The Ukrainian Cultural Heritage Village is a major open-air museum with the network of provincial historic sites and museums operated by Alberta Culture and Tourism. Located 50 km east of Edmonton, the museum preserves more than 35 historic structures and interprets the lives of Ukrainian settlers in east central Alberta between the years of 1892 and 1930. Based on extensive contextual and site specific research, the museum is an important steward of the intangible cultural heritage of Alberta’s Ukrainian settlers.
Among the customs which the Village documents and observes is Christmas. As Byzantine Eastern rite Orthodox and Catholic Christians, Ukrainians celebrated Christmas according to the Julian calendar, which predated the introduction of the current Gregorian calendar. What is popularly referred to as “Ukrainian Christmas” was celebrated this past weekend, on January 7, 2017. On January 6, Ukrainians celebrate Sviat Vechir (or Holy Evening, Christmas Eve) with a special meal. For the early Ukrainian settlers of east central Alberta as well as their descendants in urban settings, this was an evening filled with ritual and tradition, including pre-Christian agrarian elements.
The evening meal on Sviat Vechir would begin when the children in the family spotted the first star in the night sky. After it was spotted, the family assembled around the table and shared a prayer or carol. The patriarch of the family then brought the first of 12 Lenten dishes to the table. This dish is called kutia, a sweet dish made with boiled wheat, poppyseed, and honey. A spoonful of kutia might be thrown to the ceiling – the more kutia that sticks, the more prosperous the next year’s harvest would be. The other dishes enjoyed on Sviat Vechir included kolach (braided bread) , pyrohy (filled with potatoes, prunes or cabbage), borshch (soup), fish, beans, beets, mushrooms and stewed fruit.
After the meal, in many families, the children would search for nuts and candies in the hay that had been spread beneath the table as a remembrance of the manger where Christ was born.
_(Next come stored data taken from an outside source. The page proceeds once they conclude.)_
(* Let $f:\mathbb{R}^n\to\mathbb{R}$ be a differentiable convex function, let $B'\ge B>0$, $\mathbf{x}\in[-B',B']^n$, $\mathbf{x}^*\in[-B,B]^n$ and $0<\lambda\le1$. For $i\in[n]$ define $\zeta_i=\lambda$ if $x_i=0$; $\zeta_i=0$ if $|x_i|\ge B$ and $\nabla_i f(\mathbf{x})\cdot x_i<0$; $\zeta_i=1$ otherwise; and let $i^*\in\arg\max_i\zeta_i|\nabla_i f(\mathbf{x})|$. Then at least one of the following holds: (i) $|\nabla_{i^*}f(\mathbf{x})|\ge\dfrac{f(\mathbf{x})-f(\mathbf{x}^* )}{\|\mathbf{x}^*\|_1+\lambda\|\mathbf{x}\|_1}$; (ii) $|\nabla_{i^*}f(\mathbf{x})|\ge\dfrac{f(\mathbf{x})-f(\mathbf{x}^* )}{\lambda^{-1}\|\mathbf{x}^*\|_1+\|\mathbf{x}\|_1}$ and $x_{i^*}\neq0$. *)

theory Defs
  imports "HOL-Analysis.Analysis"
begin

definition partial_grad :: "(real^'n \<Rightarrow> real) \<Rightarrow> real^'n \<Rightarrow> 'n \<Rightarrow> real" where
  "partial_grad f x i = frechet_derivative f (at x) (axis i 1)"

definition l1norm :: "real^'n \<Rightarrow> real" where
  "l1norm x = (\<Sum>i\<in>UNIV. \<bar>x $ i\<bar>)"

definition zeta :: "(real^'n \<Rightarrow> real) \<Rightarrow> real \<Rightarrow> real \<Rightarrow> real^'n \<Rightarrow> 'n \<Rightarrow> real" where
  "zeta f B lam x i =
     (if x $ i = 0 then lam
      else if \<bar>x $ i\<bar> \<ge> B \<and> partial_grad f x i * x $ i < 0 then 0
      else 1)"

end

theory Submission
  imports Defs
begin

text \<open>
  Convexity gives the first-order bound \<open>f x - f x\<^sup>* \<le> \<Sum>\<^sub>i \<nabla>\<^sub>if(x) (x\<^sub>i - x\<^sup>*\<^sub>i)\<close>. Each term is
  bounded by \<open>M c\<^sub>i\<close>, where \<open>M = \<zeta>\<^sub>i\<^sub>* |\<nabla>\<^sub>i\<^sub>*f(x)|\<close> is the maximal weighted gradient entry and
  \<open>c\<^sub>i = |x\<^sup>*\<^sub>i| / \<lambda>\<close> if \<open>x\<^sub>i = 0\<close>, \<open>c\<^sub>i = |x\<^sub>i| + |x\<^sup>*\<^sub>i|\<close> otherwise; coordinates with \<open>\<zeta>\<^sub>i = 0\<close>
  contribute a nonpositive term, since there \<open>|x\<^sup>*\<^sub>i| \<le> B \<le> |x\<^sub>i|\<close> and the gradient points
  inwards. Summing gives \<open>f x - f x\<^sup>* \<le> M (\<lambda>\<^sup>-\<^sup>1 \<parallel>x\<^sup>*\<parallel>\<^sub>1 + \<parallel>x\<parallel>\<^sub>1)\<close>. If \<open>x\<^sub>i\<^sub>* = 0\<close> then
  \<open>M = \<lambda> |\<nabla>\<^sub>i\<^sub>*f(x)|\<close>, which yields (i); otherwise \<open>M \<le> |\<nabla>\<^sub>i\<^sub>*f(x)|\<close>, which yields (ii).
\<close>

lemma convex_on_has_derivative_ge:
  fixes f :: "'a::real_normed_vector \<Rightarrow> real"
  assumes cvx: "convex_on UNIV f" and d: "(f has_derivative f') (at x)"
  shows "f x + f' (y - x) \<le> f y"
proof -
  define h where "h t = f (x + t *\<^sub>R (y - x))" for t :: real
  have "convex_on UNIV h"
  proof (rule convex_onI)
    fix s t u :: real
    assume "0 < u" "u < 1"
    have "x + ((1 - u) * s + u * t) *\<^sub>R (y - x)
          = (1 - u) *\<^sub>R (x + s *\<^sub>R (y - x)) + u *\<^sub>R (x + t *\<^sub>R (y - x))"
      by (simp add: algebra_simps)
    then show "h ((1 - u) *\<^sub>R s + u *\<^sub>R t) \<le> (1 - u) * h s + u * h t"
      using \<open>0 < u\<close> \<open>u < 1\<close> cvx unfolding h_def convex_on_def by auto
  qed simp
  have "((\<lambda>t. x + t *\<^sub>R (y - x)) has_derivative (\<lambda>t. t *\<^sub>R (y - x))) (at 0)"
    by (auto intro!: derivative_eq_intros)
  then have "(h has_derivative (\<lambda>t. f' (t *\<^sub>R (y - x)))) (at 0)"
    unfolding h_def using has_derivative_compose[of "\<lambda>t. x + t *\<^sub>R (y - x)" _ 0 UNIV f f'] d
    by simp
  moreover have "(\<lambda>t. f' (t *\<^sub>R (y - x))) = (\<lambda>t. f' (y - x) * t)"
    using has_derivative_linear[OF d] by (simp add: linear_scale mult.commute)
  ultimately have "(h has_field_derivative f' (y - x)) (at 0)"
    by (simp add: has_field_derivative_def)
  then have "f' (y - x) * (1 - 0) \<le> h 1 - h 0"
    by (intro convex_on_imp_above_tangent[OF \<open>convex_on UNIV h\<close>]) auto
  then show ?thesis by (simp add: h_def)
qed

lemma frechet_derivative_eq_sum_partial_grad:
  fixes f :: "real^'n \<Rightarrow> real"
  assumes "f differentiable (at x)"
  shows "frechet_derivative f (at x) v = (\<Sum>i\<in>UNIV. v $ i * partial_grad f x i)"
proof -
  define f' where "f' = frechet_derivative f (at x)"
  have lin: "linear f'"
    unfolding f'_def using assms by (rule linear_frechet_derivative)
  have "f' v = f' (\<Sum>i\<in>UNIV. v $ i *s axis i 1)"
    by (simp only: basis_expansion)
  also have "\<dots> = (\<Sum>i\<in>UNIV. v $ i * f' (axis i 1))"
    unfolding linear_sum[OF lin] scalar_mult_eq_scaleR linear_scale[OF lin] by simp
  finally show ?thesis
    unfolding f'_def partial_grad_def .
qed

lemma convex_gap_le_sum_partial_grad:
  fixes f :: "real^'n \<Rightarrow> real"
  assumes "convex_on UNIV f" and "f differentiable (at x)"
  shows "f x - f y \<le> (\<Sum>i\<in>UNIV. partial_grad f x i * (x $ i - y $ i))"
proof -
  have "f x + frechet_derivative f (at x) (y - x) \<le> f y"
    using assms by (intro convex_on_has_derivative_ge frechet_derivative_works[THEN iffD1])
  moreover have "frechet_derivative f (at x) (y - x)
                 = - (\<Sum>i\<in>UNIV. partial_grad f x i * (x $ i - y $ i))"
    unfolding frechet_derivative_eq_sum_partial_grad[OF assms(2)] sum_negf[symmetric]
    by (intro sum.cong) (simp_all add: algebra_simps)
  ultimately show ?thesis by simp
qed

lemma zeta_nonneg: "0 \<le> lam \<Longrightarrow> 0 \<le> zeta f B lam x i"
  unfolding zeta_def by simp

lemma zeta_le_one: "lam \<le> 1 \<Longrightarrow> zeta f B lam x i \<le> 1"
  unfolding zeta_def by simp

lemma partial_grad_term_le:
  fixes f :: "real^'n \<Rightarrow> real"
  assumes max: "zeta f B lam x i * \<bar>partial_grad f x i\<bar> \<le> M"
    and y: "\<bar>y $ i\<bar> \<le> B" and lam: "0 < lam"
  shows "partial_grad f x i * (x $ i - y $ i)
         \<le> M * (if x $ i = 0 then \<bar>y $ i\<bar> / lam else \<bar>x $ i\<bar> + \<bar>y $ i\<bar>)"
proof -
  define g where "g = partial_grad f x i"
  have "0 \<le> M"
    using lam by (intro order_trans[OF mult_nonneg_nonneg[OF zeta_nonneg abs_ge_zero] max]) simp
  consider (zero) "x $ i = 0"
    | (inward) "x $ i \<noteq> 0" "B \<le> \<bar>x $ i\<bar>" "g * x $ i < 0"
    | (other) "x $ i \<noteq> 0" "\<not> (B \<le> \<bar>x $ i\<bar> \<and> g * x $ i < 0)"
    by blast
  then show ?thesis
  proof cases
    case zero
    then have "\<bar>g\<bar> \<le> M / lam"
      using max lam unfolding zeta_def g_def by (simp add: le_divide_eq mult.commute)
    then have "\<bar>g\<bar> * \<bar>y $ i\<bar> \<le> M / lam * \<bar>y $ i\<bar>"
      by (intro mult_right_mono) auto
    moreover have "g * (x $ i - y $ i) \<le> \<bar>g\<bar> * \<bar>y $ i\<bar>"
      using zero by (simp add: abs_mult[symmetric])
    ultimately show ?thesis
      using zero unfolding g_def by simp
  next
    case inward
    have "- (g * y $ i) \<le> \<bar>g\<bar> * \<bar>y $ i\<bar>"
      by (simp add: abs_mult[symmetric])
    also have "\<dots> \<le> \<bar>g\<bar> * \<bar>x $ i\<bar>"
      using inward y by (intro mult_left_mono) auto
    also have "\<dots> = - (g * x $ i)"
      using inward by (simp add: abs_mult[symmetric])
    finally have "g * (x $ i - y $ i) \<le> 0"
      by (simp add: algebra_simps)
    moreover have "0 \<le> M * (\<bar>x $ i\<bar> + \<bar>y $ i\<bar>)"
      using \<open>0 \<le> M\<close> by simp
    ultimately show ?thesis
      using inward unfolding g_def by simp
  next
    case other
    then have "\<bar>g\<bar> \<le> M"
      using max unfolding zeta_def g_def by (simp split: if_splits)
    have "g * (x $ i - y $ i) \<le> \<bar>g\<bar> * \<bar>x $ i - y $ i\<bar>"
      by (simp add: abs_mult[symmetric])
    also have "\<dots> \<le> M * (\<bar>x $ i\<bar> + \<bar>y $ i\<bar>)"
      using \<open>\<bar>g\<bar> \<le> M\<close> by (intro mult_mono abs_triangle_ineq4) auto
    finally show ?thesis
      using other unfolding g_def by simp
  qed
qed

lemma l1norm_nonneg: "0 \<le> l1norm x"
  unfolding l1norm_def by (simp add: sum_nonneg)

lemma convex_gap_le_max_weighted_partial_grad:
  fixes f :: "real^'n \<Rightarrow> real"
  assumes "convex_on UNIV f" and "f differentiable (at x)"
    and max: "\<And>j. zeta f B lam x j * \<bar>partial_grad f x j\<bar> \<le> M"
    and y: "\<And>i. \<bar>y $ i\<bar> \<le> B" and lam: "0 < lam" "lam \<le> 1"
  shows "f x - f y \<le> M * (inverse lam * l1norm y + l1norm x)"
proof -
  have "0 \<le> M"
    using lam by (intro order_trans[OF mult_nonneg_nonneg[OF zeta_nonneg abs_ge_zero] max]) simp
  have "\<bar>y $ i\<bar> \<le> inverse lam * \<bar>y $ i\<bar>" for i
    using lam by (simp add: mult_le_cancel_right1 one_le_inverse_iff)
  then have weight: "(if x $ i = 0 then \<bar>y $ i\<bar> / lam else \<bar>x $ i\<bar> + \<bar>y $ i\<bar>)
                     \<le> inverse lam * \<bar>y $ i\<bar> + \<bar>x $ i\<bar>" for i
    by (auto simp: divide_inverse mult.commute)
  have "f x - f y \<le> (\<Sum>i\<in>UNIV. partial_grad f x i * (x $ i - y $ i))"
    using assms(1,2) by (rule convex_gap_le_sum_partial_grad)
  also have "\<dots> \<le> (\<Sum>i\<in>UNIV. M * (inverse lam * \<bar>y $ i\<bar> + \<bar>x $ i\<bar>))"
    using partial_grad_term_le[OF max y lam(1)] weight \<open>0 \<le> M\<close>
    by (intro sum_mono) (meson mult_left_mono order_trans)
  also have "\<dots> = M * (inverse lam * l1norm y + l1norm x)"
    by (simp add: l1norm_def sum.distrib sum_distrib_left distrib_left)
  finally show ?thesis .
qed

lemma divide_le_of_le_mult:
  fixes d a e :: real
  assumes "d \<le> a * e" "0 \<le> e" "0 \<le> a"
  shows "d / e \<le> a"
  using assms by (cases "e = 0") (simp_all add: divide_le_eq)

theorem lemma4:
  fixes f :: "real^'n \<Rightarrow> real" and B B' lam :: real and x xs :: "real^'n" and istar :: 'n
  assumes diff: "\<And>y. f differentiable (at y)"
    and cvx: "convex_on UNIV f"
    and BB: "B' \<ge> B" "B > 0"
    and xbox: "\<And>i. \<bar>x $ i\<bar> \<le> B'"
    and xsbox: "\<And>i. \<bar>xs $ i\<bar> \<le> B"
    and lam: "0 < lam" "lam \<le> 1"
    and argmax: "\<And>j. zeta f B lam x j * \<bar>partial_grad f x j\<bar>
                       \<le> zeta f B lam x istar * \<bar>partial_grad f x istar\<bar>"
  shows "\<bar>partial_grad f x istar\<bar> \<ge> (f x - f xs) / (l1norm xs + lam * l1norm x)
     \<or> (\<bar>partial_grad f x istar\<bar> \<ge> (f x - f xs) / (inverse lam * l1norm xs + l1norm x)
         \<and> x $ istar \<noteq> 0)"
proof -
  define g where "g = \<bar>partial_grad f x istar\<bar>"
  define E where "E = inverse lam * l1norm xs + l1norm x"
  have "0 \<le> E"
    unfolding E_def using lam l1norm_nonneg[of x] l1norm_nonneg[of xs] by simp
  have gap: "f x - f xs \<le> zeta f B lam x istar * g * E"
    unfolding g_def E_def using convex_gap_le_max_weighted_partial_grad[OF cvx diff argmax xsbox lam] .
  show ?thesis
  proof (cases "x $ istar = 0")
    case True
    have "lam * E = l1norm xs + lam * l1norm x"
      unfolding E_def using lam by (simp add: algebra_simps)
    then have "f x - f xs \<le> g * (l1norm xs + lam * l1norm x)"
      using gap True by (simp add: zeta_def) (metis mult.assoc mult.commute)
    then show ?thesis
      using lam l1norm_nonneg[of x] l1norm_nonneg[of xs]
      unfolding g_def by (intro disjI1 divide_le_of_le_mult) auto
  next
    case False
    have "zeta f B lam x istar * g * E \<le> g * E"
      using zeta_nonneg[OF less_imp_le[OF lam(1)]] zeta_le_one[OF lam(2)] \<open>0 \<le> E\<close>
      unfolding g_def by (intro mult_right_mono mult_left_le_one_le) auto
    then have "f x - f xs \<le> g * E"
      using gap by linarith
    then show ?thesis
      using False \<open>0 \<le> E\<close> unfolding g_def E_def by (intro disjI2 conjI divide_le_of_le_mult) auto
  qed
qed

end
Families would attend a midnight church service if one was being held nearby.
On Rizdvo (January 7, or Christmas Day) the families would again feast. This time, their feast could include meat and dairy, as the pre-Christmas fast had ended. After Rizdvo, many families spent time visiting with family and neighbours.
As remembered by the Woywitka family, in the late 1940s and through much of the 1950s, Christmas on the farm in Smoky Lake County was a time of visiting for neighbours and relatives. One of the most memorable groups was the carolers. These were dedicated folks who travelled long distances between houses by horse and sleigh and kept their voices fresh despite the cold. They were welcomed at the homes they visited and were hosted generously with food and drink. In November of 2015 the Heffel Fine Art Auction House sold a William Kurelek depiction of Ukrainian Carolers crossing a snow-draped landscape by horse-drawn wagon for over $383,000. Kurelek is an Alberta born artist with Ukrainian-Canadian roots.
Feast of Jordan
January 19 marks the Feast of Jordan (Iordan) which celebrates the baptism of Christ in the river Jordan and the end of the Christmas cycle. On this day, people would traditionally attend church where the priest would bless water for the congregation to take home with them. To celebrate Iordan, the Ukrainian Cultural Heritage Village is hosting a special event on Thursday, January 19, 2017. Plans include church services, an outdoor water blessing ceremony, and much more. For full program information, please visit www.facebook.com/ukrainianvillage.ca or call 780-662-3640 (dial 310-0000 for toll free access in Alberta).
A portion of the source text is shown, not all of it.